We are in the light once more. Sentries stand on either side of the door leading into the court-room, and we would enter. Two rifles thrust across the door bar the way, but a word from a Turk gives us access.

It is a long room; the well is railed in, and filled with


rows of benches; a clear space leads round it to the tribunal at the farther end, where sit some sleepy Turks - the judges, the State prosecutor, and two or three clerks. Before them stands the interpreter, an evil-looking fellow, and at the farther end of the well nearest the judges sit three wretched objects in dirty sheepskins. They are Bulgarian peasants and the prisoners on trial. Absolutely motionless they sit with downcast heads, seemingly oblivious of their surroundings, for they understand not a word of Turkish, and in a monotonous voice the prosecutor is speaking. He talks slowly, and with frequent pauses, to enable the clerk to write down his words in full. There is another man who has just finished speaking, and he is the prisoners' defender. He also is indifferent, and lolls back in a chair beside the interpreter.
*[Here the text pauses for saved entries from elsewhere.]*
section \<open>The canonical model\<close>

lemma successively_iff_nth:
  "successively P xs \<longleftrightarrow> (\<forall>i. Suc i < length xs \<longrightarrow> P (xs ! i) (xs ! Suc i))"
proof (induction xs rule: induct_list012)
  case (3 x y zs)
  have "(\<forall>i. Suc i < length (x # y # zs) \<longrightarrow> P ((x # y # zs) ! i) ((x # y # zs) ! Suc i)) \<longleftrightarrow>
        P x y \<and> (\<forall>i. Suc i < length (y # zs) \<longrightarrow> P ((y # zs) ! i) ((y # zs) ! Suc i))"
    by (auto simp: nth_Cons split: nat.splits)
  then show ?case using 3 by simp
qed simp_all

definition tbox_link :: "('c,'r) axiom set \<Rightarrow> 'r role \<Rightarrow> 'r role \<Rightarrow> bool" where
  "tbox_link T R R' \<longleftrightarrow> tent_ci T (Ex (inv R)) (PosC (Ex R')) \<and> inv R \<noteq> R'"

definition can_dom :: "('c,'r) axiom set \<Rightarrow> ('c,'r,'i) assertion set \<Rightarrow> 'i \<times> 'r role list \<Rightarrow> bool" where
  "can_dom T S w \<longleftrightarrow> fst w \<in> constA S \<and>
     (snd w \<noteq> [] \<longrightarrow>
        derivable_basic T S (Ex (hd (snd w))) (fst w) \<and>
        \<not> (\<exists>b\<in>constA S. derivable_role T S (hd (snd w)) (fst w) b) \<and>
        successively (tbox_link T) (snd w))"

definition can_basic ::
  "('c,'r) axiom set \<Rightarrow> ('c,'r,'i) assertion set \<Rightarrow> ('c,'r) basic \<Rightarrow> 'i \<times> 'r role list \<Rightarrow> bool" where
  "can_basic T S B w \<longleftrightarrow> can_dom T S w \<and>
     (if snd w = [] then derivable_basic T S B (fst w)
      else tent_ci T (Ex (inv (last (snd w)))) (PosC B))"

definition can_role :: "('c,'r) axiom set \<Rightarrow> ('c,'r,'i) assertion set \<Rightarrow> 'r role \<Rightarrow>
    'i \<times> 'r role list \<Rightarrow> 'i \<times> 'r role list \<Rightarrow> bool" where
  "can_role T S R w w' \<longleftrightarrow> can_dom T S w \<and> can_dom T S w' \<and>
     ((snd w = [] \<and> snd w' = [] \<and> derivable_role T S R (fst w) (fst w')) \<or>
      (\<exists>R'. fst w' = fst w \<and> snd w' = snd w @ [R'] \<and> tent_ri T R' (PosR R)) \<or>
      (\<exists>R'. fst w = fst w' \<and> snd w = snd w' @ [R'] \<and> tent_ri T R' (PosR (inv R))))"

text \<open>The canonical model of \<open>(S, T)\<close>, with the KB entailments in its definition replaced by
  their characterisation through single assertions, so that it can be shown to be a model
  before those entailments are known; for consistent KBs it agrees with \<^const>\<open>cm_dom\<close>,
  \<^const>\<open>cm_con\<close> and \<^const>\<open>cm_role\<close>.\<close>

definition can_model :: "('c,'r) axiom set \<Rightarrow> ('c,'r,'i) assertion set \<Rightarrow> ('c,'r,'i) kinterp" where
  "can_model T S = \<lparr>conI = (\<lambda>A. {w. can_basic T S (AC A) w}),
                    roleI = (\<lambda>r. {(w, w'). can_role T S (RN r) w w'}), indI = (\<lambda>a. (a, []))\<rparr>"
(* With $u_e:\mathbf{k}\to\text{Ш}_e(A)$, $c\mapsto c1_A$, the quintuple $(\text{Ш}_e(A),\diamond,u_e,\Delta_e,\varepsilon_e)$ is a bialgebra.
   Context: $\mathbf{k}$ is a commutative unitary ring, $\lambda,\kappa\in\mathbf{k}$, $\mu$ a root of $t^2-\lambda t+\kappa$. An extended Rota-Baxter operator of weight $(\lambda,\kappa)$ satisfies $P(x)P(y)=P(xP(y))+P(P(x)y)+\lambda P(xy)+\kappa xy$. $A=(A,m_A,\mu_A,\Delta_A,\varepsilon_A)$ is a commutative bialgebra and $(\text{Ш}_e(A),\diamond,P_e,j_A)$ is the free commutative extended Rota-Baxter algebra of weight $(\lambda,\kappa)$ on $A$, with $\text{Ш}_e(A)=\bigoplus_{n\ge1}A^{\otimes n}$, $P_e(\mathfrak{a})=1_A\otimes\mathfrak{a}$, and the recursively defined generalized quasi-shuffle product $\diamond$. $\varepsilon_e:\text{Ш}_e(A)\to\mathbf{k}$ is the unique extended Rota-Baxter algebra homomorphism with $\varepsilon_e\circ j_A=\varepsilon_A$, $\varepsilon_e\circ P_e=-\mu\varepsilon_e$; $\Delta_e:\text{Ш}_e(A)\to\text{Ш}_e(A)\bar\otimes\text{Ш}_e(A)$ is the unique extended Rota-Baxter algebra homomorphism with $\Delta_e\circ j_A=\Delta_A$ and $\Delta_e\circ P_e=\bar P\circ\Delta_e$, where $\bar P(\mathfrak{a}\bar\otimes\mathfrak{b})=P_e(\mathfrak{a})\bar\otimes\varepsilon_e(\mathfrak{b})1_A+\mu\mathfrak{a}\bar\otimes\varepsilon_e(\mathfrak{b})1_A+\mathfrak{a}\bar\otimes P_e(\mathfrak{b})$ and $\bar\otimes$ is the tensor product between copies of $\text{Ш}_e(A)$. *)

theory Defs
  imports Main "HOL.Modules" "HOL-Library.Poly_Mapping"
begin

text \<open>A tensor word of type 'a list list represents a pure tensor
  (v_1) (x) ... (x) (v_m), each v_i = a_1 (x) ... (x) a_n being a pure tensor of
  A^{(x) n}; the outer list ranges over the tensor factors of Sh_e(A)^{(x) m}.
  The empty outer list [] represents the scalar 1 in k = Sh_e(A)^{(x) 0}.
  Elements are finite k-linear combinations of words, taken modulo the
  multilinearity relations (this is the usual construction of tensor products
  as a quotient of a free module).  Words containing an empty inner list are
  killed, since Sh_e(A) is the sum over n >= 1 only.\<close>

type_synonym ('a,'k) tw = "'a list list \<Rightarrow>\<^sub>0 'k"

definition tsmult :: "'k::comm_ring_1 \<Rightarrow> ('w \<Rightarrow>\<^sub>0 'k) \<Rightarrow> ('w \<Rightarrow>\<^sub>0 'k)" where
  "tsmult c x = Poly_Mapping.map (\<lambda>v. c * v) x"

definition wd :: "'w \<Rightarrow> ('w \<Rightarrow>\<^sub>0 'k::comm_ring_1)" where
  "wd w = Poly_Mapping.single w 1"

definition lin :: "('w \<Rightarrow> ('v \<Rightarrow>\<^sub>0 'k::comm_ring_1)) \<Rightarrow> ('w \<Rightarrow>\<^sub>0 'k) \<Rightarrow> ('v \<Rightarrow>\<^sub>0 'k)" where
  "lin f x = (\<Sum>w\<in>Poly_Mapping.keys x. tsmult (Poly_Mapping.lookup x w) (f w))"

definition linf :: "('w \<Rightarrow> 'k::comm_ring_1) \<Rightarrow> ('w \<Rightarrow>\<^sub>0 'k) \<Rightarrow> 'k" where
  "linf f x = (\<Sum>w\<in>Poly_Mapping.keys x. Poly_Mapping.lookup x w * f w)"

definition bilin :: "('w \<Rightarrow> 'u \<Rightarrow> ('v \<Rightarrow>\<^sub>0 'k::comm_ring_1)) \<Rightarrow> ('w \<Rightarrow>\<^sub>0 'k) \<Rightarrow> ('u \<Rightarrow>\<^sub>0 'k) \<Rightarrow> ('v \<Rightarrow>\<^sub>0 'k)" where
  "bilin f x y = lin (\<lambda>v. lin (\<lambda>w. f v w) y) x"

definition tensor_rels :: "('k::comm_ring_1 \<Rightarrow> 'a::ab_group_add \<Rightarrow> 'a) \<Rightarrow> ('a,'k) tw set" where
  "tensor_rels s =
     {wd (us @ (xs @ (x + y) # ys) # vs) - wd (us @ (xs @ x # ys) # vs) - wd (us @ (xs @ y # ys) # vs)
       | us xs x y ys vs. True}
   \<union> {wd (us @ (xs @ s c x # ys) # vs) - tsmult c (wd (us @ (xs @ x # ys) # vs))
       | us xs c x ys vs. True}
   \<union> {wd w | w. [] \<in> set w}"

inductive_set kspan :: "('w \<Rightarrow>\<^sub>0 'k::comm_ring_1) set \<Rightarrow> ('w \<Rightarrow>\<^sub>0 'k) set" for G where
  kspan_zero: "0 \<in> kspan G"
| kspan_step: "x \<in> kspan G \<Longrightarrow> g \<in> G \<Longrightarrow> tsmult c g + x \<in> kspan G"

definition teq :: "('k::comm_ring_1 \<Rightarrow> 'a::ab_group_add \<Rightarrow> 'a) \<Rightarrow> ('a,'k) tw \<Rightarrow> ('a,'k) tw \<Rightarrow> bool" where
  "teq s x y \<longleftrightarrow> x - y \<in> kspan (tensor_rels s)"

text \<open>Representatives of elements of Sh_e(A) (one tensor factor) and of Sh_e(A) (x) Sh_e(A).\<close>
definition Sh :: "('a,'k::comm_ring_1) tw set" where
  "Sh = {x. \<forall>w\<in>Poly_Mapping.keys x. \<exists>v. w = [v]}"

definition Sh2 :: "('a,'k::comm_ring_1) tw set" where
  "Sh2 = {x. \<forall>w\<in>Poly_Mapping.keys x. \<exists>v u. w = [v, u]}"

definition tprod :: "('a,'k::comm_ring_1) tw \<Rightarrow> ('a,'k) tw \<Rightarrow> ('a,'k) tw" where
  "tprod x y = bilin (\<lambda>v w. wd (v @ w)) x y"

text \<open>c (x) w  and  (c a_1) (x) ... for w = a_1 (x) ... in Sh_e(A).\<close>
definition pre :: "'a \<Rightarrow> ('a,'k::comm_ring_1) tw \<Rightarrow> ('a,'k) tw" where
  "pre c x = lin (\<lambda>w. case w of [v] \<Rightarrow> wd [c # v] | _ \<Rightarrow> 0) x"

definition mfirst :: "('a \<Rightarrow> 'a \<Rightarrow> 'a) \<Rightarrow> 'a \<Rightarrow> ('a,'k::comm_ring_1) tw \<Rightarrow> ('a,'k) tw" where
  "mfirst m c x = lin (\<lambda>w. case w of [b # v] \<Rightarrow> wd [m c b # v] | _ \<Rightarrow> 0) x"

function qs :: "('a::ab_group_add \<Rightarrow> 'a \<Rightarrow> 'a) \<Rightarrow> 'a \<Rightarrow> 'k::comm_ring_1 \<Rightarrow> 'k \<Rightarrow> 'a list \<Rightarrow> 'a list \<Rightarrow> ('a,'k) tw" where
  "qs m e lam kap (a # xs) (b # ys) =
     (if xs = [] then wd [m a b # ys]
      else if ys = [] then wd [m a b # xs]
      else pre (m a b) (qs m e lam kap xs (e # ys))
         + pre (m a b) (qs m e lam kap (e # xs) ys)
         + tsmult lam (pre (m a b) (qs m e lam kap xs ys))
         + tsmult kap (mfirst m (m a b) (qs m e lam kap xs ys)))"
| "qs m e lam kap [] _ = 0"
| "qs m e lam kap _ [] = 0"
  by pat_completeness auto
termination
  by (relation "measure (\<lambda>(m,e,lam,kap,u,v). length u + length v)") auto

text \<open>Componentwise product on Sh_e(A)^{(x) n} (tensor product of algebras).\<close>
fun wprod :: "('a::ab_group_add \<Rightarrow> 'a \<Rightarrow> 'a) \<Rightarrow> 'a \<Rightarrow> 'k::comm_ring_1 \<Rightarrow> 'k \<Rightarrow> 'a list list \<Rightarrow> 'a list list \<Rightarrow> ('a,'k) tw" where
  "wprod m e lam kap [] [] = wd []"
| "wprod m e lam kap (v # vs) (w # ws) = tprod (qs m e lam kap v w) (wprod m e lam kap vs ws)"
| "wprod m e lam kap _ _ = 0"

definition dprod :: "('a::ab_group_add \<Rightarrow> 'a \<Rightarrow> 'a) \<Rightarrow> 'a \<Rightarrow> 'k::comm_ring_1 \<Rightarrow> 'k \<Rightarrow> ('a,'k) tw \<Rightarrow> ('a,'k) tw \<Rightarrow> ('a,'k) tw" where
  "dprod m e lam kap x y = bilin (wprod m e lam kap) x y"

definition ue :: "'a \<Rightarrow> 'k::comm_ring_1 \<Rightarrow> ('a,'k) tw" where
  "ue e c = tsmult c (wd [[e]])"

text \<open>Counit: the extended Rota-Baxter homomorphism with eps_e o j_A = eps_A and
  eps_e o P_e = -mu eps_e; since a_1 (x) ... (x) a_n = a_1 <> P_e(a_2 (x) ... (x) a_n) this forces
  eps_e(a_1 (x) ... (x) a_n) = eps_A(a_1) (-mu) eps_e(a_2 (x) ... (x) a_n).\<close>
fun epsw :: "('a \<Rightarrow> 'k::comm_ring_1) \<Rightarrow> 'k \<Rightarrow> 'a list \<Rightarrow> 'k" where
  "epsw epsA mu [] = 0"
| "epsw epsA mu [a] = epsA a"
| "epsw epsA mu (a # b # bs) = epsA a * (- mu) * epsw epsA mu (b # bs)"

definition epse :: "('a \<Rightarrow> 'k::comm_ring_1) \<Rightarrow> 'k \<Rightarrow> ('a,'k) tw \<Rightarrow> 'k" where
  "epse epsA mu x = linf (\<lambda>w. case w of [v] \<Rightarrow> epsw epsA mu v | _ \<Rightarrow> 0) x"

definition Pbar :: "'a \<Rightarrow> ('a \<Rightarrow> 'k::comm_ring_1) \<Rightarrow> 'k \<Rightarrow> ('a,'k) tw \<Rightarrow> ('a,'k) tw" where
  "Pbar e epsA mu x = lin (\<lambda>w. case w of
       [v, u] \<Rightarrow> tsmult (epsw epsA mu u) (wd [e # v, [e]])
               + tsmult (mu * epsw epsA mu u) (wd [v, [e]])
               + wd [v, e # u]
     | _ \<Rightarrow> 0) x"

text \<open>Comultiplication: the extended Rota-Baxter homomorphism with Delta_e o j_A = Delta_A and
  Delta_e o P_e = Pbar o Delta_e; on pure tensors this forces
  Delta_e(a_1 (x) a') = Delta_A(a_1) <> Pbar(Delta_e(a')).
  Delta_A(a) is represented by a combination of words [[x],[y]] (i.e. of A (x) A).\<close>
fun Dw :: "('a::ab_group_add \<Rightarrow> 'a \<Rightarrow> 'a) \<Rightarrow> 'a \<Rightarrow> 'k::comm_ring_1 \<Rightarrow> 'k \<Rightarrow> 'k \<Rightarrow>
    ('a \<Rightarrow> ('a,'k) tw) \<Rightarrow> ('a \<Rightarrow> 'k) \<Rightarrow> 'a list \<Rightarrow> ('a,'k) tw" where
  "Dw m e lam kap mu DA epsA [] = 0"
| "Dw m e lam kap mu DA epsA [a] = DA a"
| "Dw m e lam kap mu DA epsA (a # b # bs) =
     dprod m e lam kap (DA a) (Pbar e epsA mu (Dw m e lam kap mu DA epsA (b # bs)))"

definition De :: "('a::ab_group_add \<Rightarrow> 'a \<Rightarrow> 'a) \<Rightarrow> 'a \<Rightarrow> 'k::comm_ring_1 \<Rightarrow> 'k \<Rightarrow> 'k \<Rightarrow>
    ('a \<Rightarrow> ('a,'k) tw) \<Rightarrow> ('a \<Rightarrow> 'k) \<Rightarrow> ('a,'k) tw \<Rightarrow> ('a,'k) tw" where
  "De m e lam kap mu DA epsA x = lin (\<lambda>w. case w of [v] \<Rightarrow> Dw m e lam kap mu DA epsA v | _ \<Rightarrow> 0) x"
Meanwhile chairs have been brought us, and we sit and watch. Some witnesses are called, also peasants, who are quickly dismissed. They leave that dreaded court with alacrity. Who knows when they themselves will occupy the prisoners' bench?

An officer lounges behind us, evidently in command of the guard, also indifferent, except for a languid interest in us. Every one is indifferent, judges, lawyers, guards, and prisoners. It is nothing but an empty formality to please Europe.

Flies are running unheeded over the heads of the prisoners; they do not lift their manacled hands, but stare motionless on the floor before them. Then a question is put to them, and one rises slowly, and answers. Again he sits in the same impassive attitude.

The chairman nods, and the three rise once more and stumble stupidly out of the room, down to the cellar below.


Other names are called. A judge yawns and stretches himself, and we go out into the generous sunshine once more, thanking God that we were born in another land.